Rutkowski: You’re not making a team any more. You’re making art. The Killer 3’s select Jamario Moon on the off chance he’s capable of helping Jermaine O’Neal turn into a werewolf.
Lambert: I like this theory and wish to subscribe to your newsletter. Power will end their draft by selecting Ndudi Ebi. Ndudi means life and Ebi means shrimp. This is important information.
Rutkowski: With the Isaiah Thomas pick in the BIG3 draft, Tri-State selects this block and the person that did it — Ivan Johnson.
That fills out the rosters entirely leaving a few free agents floating about. Let’s take a quick look at those.
Any predictions? Any favorites? Any chance anyone stops 3’s Company?
Lambert: I think the league comes down to Player X. If it’s someone the caliber of Iverson, they could be a threat. I also like the Three-Headed Monsters. A lot of spacing on that team and a willing passer. Killer 3’s may beat everyone up. Honestly, all of these teams are intriguing for one reason or another. Except Power. I blame their team name for that, though. Can we skip past the NBA Playoffs and get into BIG3 season?

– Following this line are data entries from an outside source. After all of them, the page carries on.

text \<open>An arc attached above is witnessed by leaving the core interval upwards from a state of
  \<open>Y\<close> in which no other new arc is active; symmetrically for arcs attached below.\<close>
lemma new_arc_above_in_F_graph:
  assumes arc: "(j, k, s) \<in> new_arcs" and up: "attached_above j k s" and y: "y \<in> Y"
    and yj: "j \<notin> B \<Longrightarrow> y j = b j"
    and moves: "if s = Pos then h y k < vmax k else vmin k < h y k"
  shows "(j, k, s) \<in> interaction_graph n X F"
proof -
  have j: "j \<in> {1..n}" and k: "k \<in> {1..n}" using arc new_arc_range by auto
  define p where "p = to_core y"
  have p: "p \<in> Y" "F p k = h y k" "p j = core_hi j"
    using to_core_in_Y[OF y] F_to_core[OF y] yj by (auto simp: p_def to_core_def core_hi_def)
  have "(k, s) \<in> arcs_above j" using arc up by (simp add: arcs_above_def)
  then have b'j: "b' j = core_hi j + 1" by (auto simp: b'_def)
  define x' where "x' = p(j := p j + 1)"
  have act: "active x' l k s' \<longleftrightarrow> l = j \<and> s' = s" for l s'
  proof (cases "l = j")
    case False
    then have "active x' l k s' \<longleftrightarrow> active p l k s'" by (simp add: active_def x'_def)
    then show ?thesis using to_core_inactive[OF y] False by (simp add: p_def)
  next
    case True
    have "active x' j k s' \<longleftrightarrow> (j, k, s') \<in> new_arcs \<and> attached_above j k s'"
      using core_lo_le_hi[OF j] p(3) by (auto simp: active_def x'_def)
    then show ?thesis using attached_above_unique[OF _ arc] arc up True by blast
  qed
  have "F x' k = (if s = Pos then vmax k else vmin k)"
    using act up k by (auto simp: F_def forced_min_def forced_max_def raises_def)
  then show ?thesis
    using F_arc_intro[OF j k] p Y_sub_X b'j moves by (auto simp: x'_def)
qed

lemma new_arc_below_in_F_graph:
  assumes arc: "(j, k, s) \<in> new_arcs" and down: "\<not> attached_above j k s" and y: "y \<in> Y"
    and yj: "j \<notin> B \<Longrightarrow> y j = a j"
    and moves: "if s = Pos then vmin k < h y k else h y k < vmax k"
  shows "(j, k, s) \<in> interaction_graph n X F"
proof -
  have j: "j \<in> {1..n}" and k: "k \<in> {1..n}" using arc new_arc_range by auto
  define p where "p = to_core y"
  have p: "p \<in> Y" "F p k = h y k" "p j = core_lo j"
    using to_core_in_Y[OF y] F_to_core[OF y] yj by (auto simp: p_def to_core_def core_lo_def)
  have "(k, s) \<in> arcs_below j" using arc down by (simp add: arcs_below_def)
  then have a'j: "a' j = core_lo j - 1" by (auto simp: a'_def)
  define x where "x = p(j := core_lo j - 1)"
  have "x \<in> X"
    using p(1) Y_sub_X a'j a'_le_b' core_lo_le_hi[OF j] j
    unfolding x_def X_def by (intro box_update) (auto simp: b'_def)
  moreover have "x j < b' j" "x(j := x j + 1) = p"
    using core_lo_le_hi[OF j] p(3) by (auto simp: x_def b'_def)
  moreover have act: "active x l k s' \<longleftrightarrow> l = j \<and> s' = s" for l s'
  proof (cases "l = j")
    case False
    then have "active x l k s' \<longleftrightarrow> active p l k s'" by (simp add: active_def x_def)
    then show ?thesis using to_core_inactive[OF y] False by (simp add: p_def)
  next
    case True
    have "active x j k s' \<longleftrightarrow> (j, k, s') \<in> new_arcs \<and> \<not> attached_above j k s'"
      using core_lo_le_hi[OF j] by (auto simp: active_def x_def)
    then show ?thesis using attached_above_unique[OF _ arc] arc down True by blast
  qed
  then have "F x k = (if s = Pos then vmin k else vmax k)"
    using down k by (cases s) (auto simp: F_def forced_min_def forced_max_def raises_def)
  ultimately show ?thesis using F_arc_intro[OF j k] p(2) moves by auto
qed

lemma B_arc_target_not_A:
  assumes "(j, k, s) \<in> new_arcs" "j \<in> B"
  shows "k \<notin> A"
  using no_sink_source_arc new_arc_G[OF assms(1)] B_sink[OF assms(2)] by (fastforce simp: A_def)

lemma new_arc_above_witness:
  assumes arc: "(j, k, s) \<in> new_arcs" and up: "attached_above j k s"
  obtains y where "y \<in> Y" "j \<notin> B \<Longrightarrow> y j = b j"
    "if s = Pos then h y k < vmax k else vmin k < h y k"
proof (cases "j \<in> B")
  case True
  have k: "k \<in> {1..n}" using arc new_arc_range by blast
  obtain y1 y2 where y1: "y1 \<in> Y" "vmin k = h y1 k" and y2: "y2 \<in> Y" "vmax k = h y2 k"
    using vmin_vmax_attained[OF k B_arc_target_not_A[OF arc True]] by blast
  show ?thesis
  proof (cases s)
    case Pos
    then show ?thesis using that[OF y1(1)] y1(2) vmin_less_vmax[OF arc] True by simp
  next
    case Neg
    then show ?thesis using that[OF y2(1)] y2(2) vmin_less_vmax[OF arc] True by simp
  qed
next
  case False
  have j: "j \<in> {1..n}" and k: "k \<in> {1..n}" using arc new_arc_range by auto
  show ?thesis
  proof (cases s)
    case Pos
    then show ?thesis using that up False by (auto simp: attached_above_def)
  next
    case Neg
    let ?ya = "\<xi>(j := a j)" and ?yb = "\<xi>(j := b j)"
    have Y: "?ya \<in> Y" "?yb \<in> Y" using Y_update[OF \<xi>_in_Y j] a_le_b j by auto
    have "vmax k \<le> h ?ya k" using up False Neg Y(1) by (auto simp: attached_above_def)
    moreover have "h ?ya k \<le> h ?yb k"
      using h_no_Neg_mono[OF new_arc_not_H[OF arc[unfolded Neg]] j k \<xi>_in_Y] a_le_b j by simp
    ultimately have "vmin k < h ?yb k" using vmin_less_vmax[OF arc] by linarith
    then show ?thesis using that Y(2) Neg by simp
  qed
qed

lemma new_arc_below_witness:
  assumes arc: "(j, k, s) \<in> new_arcs" and down: "\<not> attached_above j k s"
  obtains y where "y \<in> Y" "j \<notin> B \<Longrightarrow> y j = a j"
    "if s = Pos then vmin k < h y k else h y k < vmax k"
proof (cases "j \<in> B")
  case True
  have k: "k \<in> {1..n}" using arc new_arc_range by blast
  obtain y1 y2 where y1: "y1 \<in> Y" "vmin k = h y1 k" and y2: "y2 \<in> Y" "vmax k = h y2 k"
    using vmin_vmax_attained[OF k B_arc_target_not_A[OF arc True]] by blast
  show ?thesis
  proof (cases s)
    case Pos
    then show ?thesis using that[OF y2(1)] y2(2) vmin_less_vmax[OF arc] True by simp
  next
    case Neg
    then show ?thesis using that[OF y1(1)] y1(2) vmin_less_vmax[OF arc] True by simp
  qed
next
  case False
  have j: "j \<in> {1..n}" and k: "k \<in> {1..n}" using arc new_arc_range by auto
  show ?thesis
  proof (cases s)
    case Neg
    then show ?thesis using that down False by (auto simp: attached_above_def)
  next
    case Pos
    let ?ya = "\<xi>(j := a j)" and ?yb = "\<xi>(j := b j)"
    have Y: "?ya \<in> Y" "?yb \<in> Y" using Y_update[OF \<xi>_in_Y j] a_le_b j by auto
    have "vmax k \<le> h ?yb k" using down False Pos Y(2) by (auto simp: attached_above_def)
    moreover have "h ?yb k \<le> h ?ya k"
      using h_no_Pos_antimono[OF new_arc_not_H[OF arc[unfolded Pos]] j k \<xi>_in_Y] a_le_b j by simp
    ultimately have "vmin k < h ?ya k" using vmin_less_vmax[OF arc] by linarith
    then show ?thesis using that Y(1) Pos by simp
  qed
qed

lemma G_sub_interaction_graph_F: "G \<subseteq> interaction_graph n X F"
proof safe
  fix j k s assume arc: "(j, k, s) \<in> G"
  show "(j, k, s) \<in> interaction_graph n X F"
  proof (cases "(j, k, s) \<in> H")
    case False
    then have new: "(j, k, s) \<in> new_arcs" using arc by (simp add: new_arcs_def)
    show ?thesis
    proof (cases "attached_above j k s")
      case True
      then show ?thesis
        using new_arc_above_witness[OF new True] new_arc_above_in_F_graph[OF new True] by metis
    next
      case False
      then show ?thesis
        using new_arc_below_witness[OF new False] new_arc_below_in_F_graph[OF new False] by metis
    qed
  qed (rule H_arc_in_F_graph)
qed

lemma interaction_graph_F: "interaction_graph n X F = G"
  using interaction_graph_F_sub G_sub_interaction_graph_F by blast

subsection \<open>Degree bound\<close>

lemma out_arcs_G_split:
  "{(k, s). (i, k, s) \<in> G} = {(k, s). (i, k, s) \<in> H} \<union> arcs_above i \<union> arcs_below i"
  using H_sub_G by (auto simp: arcs_above_def arcs_below_def new_arcs_def)

lemma outdeg_G_eq: "outdeg G i = outdeg H i + card (arcs_above i) + card (arcs_below i)"
proof -
  have fin: "finite {(k, s). (i, k, s) \<in> H}" "finite (arcs_above i)" "finite (arcs_below i)"
    using finite_out_arcs[OF G_finite, of i] finite_out_arcs[OF H_finite, of i]
    unfolding out_arcs_G_split by auto
  have "card ({(k, s). (i, k, s) \<in> H} \<union> arcs_above i \<union> arcs_below i)
      = card {(k, s). (i, k, s) \<in> H} + card (arcs_above i) + card (arcs_below i)"
    using fin by (subst card_Un_disjoint; auto simp: arcs_above_def arcs_below_def new_arcs_def
        intro!: card_Un_disjoint)+
  then show ?thesis unfolding outdeg_def out_arcs_G_split .
qed

lemma card_comp_X:
  assumes "i \<in> {1..n}"
  shows "card (comp X i) = nat (core_hi i - core_lo i + 1)
    + (if arcs_above i = {} then 0 else 1) + (if arcs_below i = {} then 0 else 1)"
proof -
  have "card (comp X i) = nat (b' i - a' i + 1)" using card_comp_box[OF a'_le_b' assms] by (simp add: X_def)
  then show ?thesis using core_lo_le_hi[OF assms] by (simp add: a'_def b'_def split: if_splits)
qed

lemma Y_card_le_outdeg_H:
  assumes i: "i \<in> {1..n}" and "i \<notin> B" and not_sink_target: "\<not> (outdeg G i = 0 \<and> 0 < indeg G i)"
  shows "card (comp Y i) \<le> outdeg H i + 1"
proof -
  have H_not_sink_target: "\<not> (outdeg H i = 0 \<and> 0 < indeg H i)"
  proof
    assume H_sink_target: "outdeg H i = 0 \<and> 0 < indeg H i"
    then have "outdeg G i = 0" using assms by (simp add: B_def is_sink_def)
    moreover obtain j s where "(j, i, s) \<in> H"
      using H_sink_target indeg_eq_0_iff[OF H_finite] by (metis gr_implies_not0)
    then have "0 < indeg G i" using indeg_eq_0_iff[OF G_finite] H_sub_G by blast
    ultimately show False using not_sink_target by blast
  qed
  then show ?thesis using Y_degree_bound[OF i] by (simp only: H_not_sink_target if_False)
qed

lemma X_degree_bound:
  assumes i: "i \<in> {1..n}"
  shows "if outdeg G i = 0 \<and> 0 < indeg G i then card (comp X i) = 2
    else card (comp X i) \<le> outdeg G i + 1"
proof -
  have fin: "finite (arcs_above i)" "finite (arcs_below i)"
    using finite_out_arcs[OF G_finite, of i] unfolding out_arcs_G_split by auto
  note X_card = card_comp_X[OF i] and G_deg = outdeg_G_eq[of i]
    and up = indicator_le_card[OF fin(1)] and down = indicator_le_card[OF fin(2)]
  show ?thesis
  proof (cases "outdeg G i = 0 \<and> 0 < indeg G i")
    case True
    then have empty: "arcs_above i = {}" "arcs_below i = {}" and "outdeg H i = 0"
      using G_deg fin by auto
    have iB: "i \<notin> B" using True by (simp add: B_def is_sink_def)
    obtain j s where "(j, i, s) \<in> G" using True indeg_eq_0_iff[OF G_finite] by (metis gr_implies_not0)
    then have "\<not> is_isolated H i" using no_arc_to_isolated by blast
    then have "0 < indeg H i" using \<open>outdeg H i = 0\<close> by (simp add: is_isolated_def is_source_def is_sink_def)
    then have "card (comp Y i) = 2" using Y_degree_bound[OF i] \<open>outdeg H i = 0\<close> by simp
    then show ?thesis
      using True X_card empty iB card_comp_box[OF a_le_b i]
      by (simp add: Y_box core_lo_def core_hi_def)
  next
    case False
    show ?thesis
    proof (cases "i \<in> B")
      case True
      then have "outdeg H i = 0" using B_sink by (simp add: is_sink_def)
      then show ?thesis using False True X_card G_deg up down by (simp add: core_lo_def core_hi_def)
    next
      case iB: False
      have "card (comp X i) = card (comp Y i)
          + (if arcs_above i = {} then 0 else 1) + (if arcs_below i = {} then 0 else 1)"
        using X_card iB card_comp_box[OF a_le_b i] by (simp add: Y_box core_lo_def core_hi_def)
      then show ?thesis using False Y_card_le_outdeg_H[OF i iB False] G_deg up down by simp
    qed
  qed
qed

lemma F_degree_bounded: "degree_bounded n X F"
  unfolding degree_bounded_def Let_def interaction_graph_F using X_degree_bound by blast

lemma F_in_h_range: "i \<in> {1..n} \<Longrightarrow> i \<notin> A \<Longrightarrow> F x i \<in> (\<lambda>y. h y i) ` Y"
  using vmin_vmax_attained clamp_in_Y by (auto simp: F_def)

lemma F_eq_h_off_B_neighbours:
  assumes "x \<in> Y" "in_nbrs G i \<inter> B = {}"
  shows "F x i = h x i"
proof (rule F_eq_h[OF assms(1)])
  fix j s
  show "\<not> active x j i s"
  proof
    assume act: "active x j i s"
    then have "j \<in> in_nbrs G i" using new_arc_G by (auto simp: active_def in_nbrs_def)
    then show False using active_on_Y[OF assms(1) act] assms(2) by blast
  qed
qed

end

Rutkowski: I’m down for anything that let’s me fast forward to watching Charles Oakley playing basketball again. Tri-State would have some pain potential along with Killer 3’s. Ghost Ballers would be streaky and dangerous for that reason. I’d put Trilogy on Power’s level as far as danger goes. Then again, just some solid play from solid players might be enough to win. Who knows what version of these players we’ll get? Maybe one of them will have a team of solid old-man rec-league strength and that will just batter the flashier teams into submission. Trilogy and Power might have the best chance to do that. I don’t know.
Next: Which NBA players can help you survive the zombie apocalypse?
Regardless, if we don’t like any of these teams’ makeup it’s our fault because we put them together. For that reason, I’m going to say all these teams are equally amazing. Best of luck out there. Do your GM’s proud.
This was fun. Let’s draft Pokemon next.